PT 1092 is a private letter from the Pelliot tibetain collection of the Bibliotheque nationale de France. Written in Old Tibetan on paper, it is a personal communication from Meng Phug-wen to Shi-shug, Shug-shug, I-neng, Shim-shim, and others. The letter opens with a standard health inquiry, reports on a donkey that was dispatched to Sha-cur but not properly replaced, asks for provisions after a poor grain harvest, and expresses the writer's desire to travel as soon as a donkey arrives.

Unlike the legal contracts and court cases that make up most of the Dunhuang administrative corpus, this is a private letter — one person writing to friends or colleagues about practical concerns. The tone is polite, formulaic in places (the health inquiry, the petition formulas), but also reveals genuine anxiety about grain supplies and relay transport. The verso carries the address: "To be delivered to Shi-shug. The dispatch letter of Meng Phug-wen."

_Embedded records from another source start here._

lemma most_diverse_pareto_segment_subset:
  assumes d: "prefers_extendable_ends d" and ab: "a < b" "b \<le> n" "\<not> (a = 0 \<and> b = n)"
  shows "most_diverse d (pareto_segment n a b) \<subseteq> {pareto_point n a, pareto_point n b}"
proof
  let ?P = "pareto_segment n a b"
  fix x assume x: "x \<in> most_diverse d ?P"
  then obtain j where j: "a \<le> j" "j \<le> b" "x = pareto_point n j"
    using most_diverse_subset by (force simp: pareto_segment_def)
  have "\<not> (a < j \<and> j < b)"
  proof
    assume "a < j \<and> j < b"
    then have "d ?P x < max (d ?P (pareto_point n a)) (d ?P (pareto_point n b))"
      using prefers_extendable_endsD(1)[OF d ab] j(3) by blast
    moreover have "d ?P (pareto_point n a) \<le> d ?P x" "d ?P (pareto_point n b) \<le> d ?P x"
      using x ab by (auto simp: most_diverse_def pareto_segment_def)
    ultimately show False
      by (simp add: not_le[symmetric])
  qed
  with j show "x \<in> {pareto_point n a, pareto_point n b}"
    by (auto simp: le_less)
qed

lemma card_most_diverse_pareto_segment:
  assumes d: "prefers_extendable_ends d" and ab: "a \<le> b" "b \<le> n" "\<not> (a = 0 \<and> b = n)"
  shows "card (most_diverse d (pareto_segment n a b)) \<le> 2"
proof (cases "a = b")
  case False
  with ab have "card (most_diverse d (pareto_segment n a b)) \<le> card {pareto_point n a, pareto_point n b}"
    using most_diverse_pareto_segment_subset[OF d] by (intro card_mono) auto
  also have "\<dots> \<le> 2"
    by (simp add: card_insert_if)
  finally show ?thesis .
qed (simp add: pareto_segment_singleton)

lemma extendable_end_most_diverse:
  assumes d: "prefers_extendable_ends d" and ab: "a \<le> b" "b \<le> n" "\<not> (a = 0 \<and> b = n)"
  defines "P \<equiv> pareto_segment n a b"
  shows "0 < a \<and> pareto_point n a \<in> most_diverse d P \<or>
    b < n \<and> pareto_point n b \<in> most_diverse d P"
proof (cases "a = b")
  case True
  with ab show ?thesis
    by (auto simp: P_def pareto_segment_singleton)
next
  case False
  with ab have "a < b"
    by simp
  have ends: "pareto_point n a \<in> P" "pareto_point n b \<in> P"
    using ab by (auto simp: P_def pareto_segment_def)
  obtain x where x: "x \<in> most_diverse d P"
    using most_diverse_nonempty[of P d] ends by (auto simp: P_def)
  with most_diverse_pareto_segment_subset[OF d \<open>a < b\<close> ab(2,3)]
  have x_end: "x = pareto_point n a \<or> x = pareto_point n b"
    by (auto simp: P_def)
  consider "a = 0" | "b = n" | "0 < a" "b < n"
    using ab by linarith
  then show ?thesis
  proof cases
    case 1
    then have "d P x \<le> d P (pareto_point n b)"
      using x_end prefers_extendable_endsD(2)[OF d \<open>a < b\<close> ab(2,3)] by (auto simp: P_def)
    with 1 ab x ends show ?thesis
      using most_diverse_ge by auto
  next
    case 2
    then have "d P x \<le> d P (pareto_point n a)"
      using x_end prefers_extendable_endsD(3)[OF d \<open>a < b\<close> ab(2,3)] by (auto simp: P_def)
    with 2 ab x ends show ?thesis
      using most_diverse_ge by auto
  next
    case 3
    with x x_end show ?thesis
      by blast
  qed
qed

The document dates to the Tibetan imperial period at Dunhuang (c. 786-848 CE). The Chinese personal names written in Tibetan script reflect the bilingual administration of the region. "Sha-cur" is likely Shazhou, the Tibetan name for the Dunhuang area.


To Shi-shug and Shug-shug both, and I-neng and Shim-shim, and the rest — before your faces:

The petition of Phug-wen.

In your region — are you well or unwell? If through the illness-petition letter you are requesting sickness leave and it is so, may a messenger be dispatched and the matter be granted.

Cin-shi-shi's donkey was sent off to Sha-cur, but those intended to be dispatched were not dispatched. Now, for the earlier messenger, I petition that a donkey be dispatched.

This time, even this year's harvest has barely gathered to fifteen khal of grain. From that, I petition that you take as much as can be managed.

As for my travel provisions and supplies: if new ones can be obtained — good. If new ones cannot be obtained, I petition that old supplies be dispatched.

As for me, apart from submitting this letter, there is no unwellness.

I also wish to go straightaway to Sha-cur as soon as the donkey arrives here.

(Verso, inverted:) To be delivered to Shi-shug. The dispatch letter of Meng Phug-wen.


Colophon

PT 1092 (Pelliot tibetain 1092). Old Tibetan private letter from the Dunhuang cave library. Translated from Old Tibetan by the New Tianmu Anglican Church, April 2026. First English translation.

The source text was accessed from the Old Tibetan Documents Online (OTDO) database maintained by Osaka University.

Translation notes: "Meng Phug-wen" bears a Chinese surname (Meng, possibly 孟) with a mixed Chinese-Tibetan personal name, reflecting the bilingual naming practices of Dunhuang's Chinese population under Tibetan rule. "Shi-shug" and "Shug-shug" are personal names, likely Chinese. The recipients are addressed with the respectful formula "zha sngar" (before your faces). The document uses "mchid gsol" (petition/request) repeatedly — a formal register, but the content is personal and practical. "Bong bu" (donkey) refers to the relay animals used for the Tibetan imperial postal system; the request for a donkey is a request for transport. "Khal" is a unit of dry measure, approximately 25-30 lbs. Fifteen khal would be a meagre harvest. "Sha-cur" is likely Shazhou (沙州), the Chinese name for the Dunhuang area, rendered in Tibetan. "Sbying po" (provisions/supplies) indicates Phug-wen is requesting material support, not just grain. The letter's structure — health inquiry, practical request, reassurance of one's own health, forward plans — follows a pattern found in other Dunhuang letters. The verso address confirms this was a letter intended for physical delivery, not an administrative filing.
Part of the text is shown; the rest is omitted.